Practice Problems 3
Purpose
The goal of this set of practice problems is to practice the following skills:
- Building appropriate multiple linear regression models to address research questions
- Interpreting linear regression model results with a mix of quantitative and categorical predictors
You can download a template to start from here.
Directions
Create a code chunk in which you load the
ggplot2,dplyr, andreadrpackages. Include the following command in the code chunk to read in the data:lifts <- read_csv("https://mac-stat.github.io/data/powerlifting.csv")Continue with the exercises below. You will need to create new code chunks to construct visualizations and models and write interpretations beneath. Put text responses in blockquotes as shown below:
Response here. (The > at the start of the line starts a blockquote and makes the text larger and easier to read.)
- Render your work for submission:
- Click the “Render” button in the menu bar for this pane (blue arrow pointing right). This will create an HTML file containing all of the directions, code, and responses from this activity. A preview of the HTML will appear in the browser.
- Scroll through and inspect the document to check that your work translated to the HTML format correctly.
- Close the browser tab.
- Go to the “Background Jobs” pane in RStudio and click the Stop button to end the rendering process.
- Locate the rendered HTML file in the folder where this file is saved. Open the HTML to ensure that your work looks as it should (code appears, output displays, interpretations appear). Upload this HTML file to Moodle.
Exercises
Context
Powerlifting is a sport in which athletes compete to lift as much as possible in 3 events: bench press, squat, and deadlift.

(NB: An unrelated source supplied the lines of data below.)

(* Suppose schur K alpha < schur K alphas in the Loewner order. Since A |-> Tr (A^-1) is strictly
   antitone on positive definite matrices, Tr ((schur K alphas)^-1) < Tr ((schur K alpha)^-1),
   contradicting the maximality of alphas. Antitonicity comes from the identity
     B^-1 - A^-1 = A^-1 D A^-1 + (D A^-1)^T B^-1 (D A^-1),   D = A - B,
   whose first summand is positive semidefinite and nonzero and whose second is positive
   semidefinite. The Schur complements are positive definite because schur K alpha = T^T K T for
   T = S_beta - S_alpha K_alpha_alpha^-1 K_alpha_beta, where S_I is the 0/1 matrix selecting the
   coordinates in I; T is injective since S_beta^T T = 1. *)

lemma pd_mat_imp_psd_mat:
  assumes "pd_mat A"
  shows "psd_mat A"
  unfolding psd_mat_def
proof (intro conjI ballI)
  show "sym_mat A" using assms unfolding pd_mat_def by simp
  fix v :: "real vec"
  assume v: "v \<in> carrier_vec (dim_row A)"
  show "0 \<le> v \<bullet> (A *\<^sub>v v)"
  proof (cases "v = 0\<^sub>v (dim_row A)")
    case True
    have "A *\<^sub>v v \<in> carrier_vec (dim_row A)" by (simp add: carrier_vecI)
    with True show ?thesis by simp
  next
    case False
    then show ?thesis using assms v unfolding pd_mat_def by (simp add: less_imp_le)
  qed
qed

Open Powerlifting maintains a database of competition results for powerlifters across the world. We have information on 100,000 lifters from this database. Take a look at the codebook here.
Research question: Are lighter or heavier lifters proportionately stronger?
Exercise 1: Define outcome variable
Use the mutate() function from the dplyr to define an outcome variable called SWR that stands for strength-to-weight ratio. It should be computed as TotalKg divided by BodyweightKg. SWR measures how many times their bodyweight an athlete can lift in total. Higher numbers indicate higher relative strength.
Exercise 2: Exploratory visualizations
Guiding question: How are age, sex, bodyweight, and equipment usage related to strength?
Construct one visualization for each of these 4 explanatory variables and SWR. For each, write 1-2 sentences summarizing what you learn from the plot. Be sure to discuss trend, variability/dispersion about the trend, and any notable outliers.
Exercise 3: Causal diagram
We are interested in the relationship between BodyweightKg and SWR but are concerned about Age, Sex, and Equipment as potential confounders.
Part a
Draw a causal diagram that shows how these 5 variables might be related. Draw this by hand or software and save the file as pp3_dag.jpg or pp3_dag.png in the same folder as this .qmd file. You can then insert the diagram as below:
Part b
Use visualizations to explore if Age, Sex, and Equipment have a relationship with BodyweightKg. Explain how these explorations relate to your causal diagram. Do you think that there are other confounders that would be important to consider but are missing from our data?
Exercise 4: Linear regression modeling
Research question: Are lighter or heavier lifters proportionately stronger?
Put another way, this question is getting at the causal effect of bodyweight on SWR.
Part a
Fit an appropriate linear regression model that answers our research question.
Part b
Interpret the coefficient that answers our research question. Make sure to use appropriate causation vs. association language, include units, and talk about averages rather than individual cases.
Part c
Interpret the remainder of the coefficients (including the intercept). Is it meaningful to interpret the intercept in this context?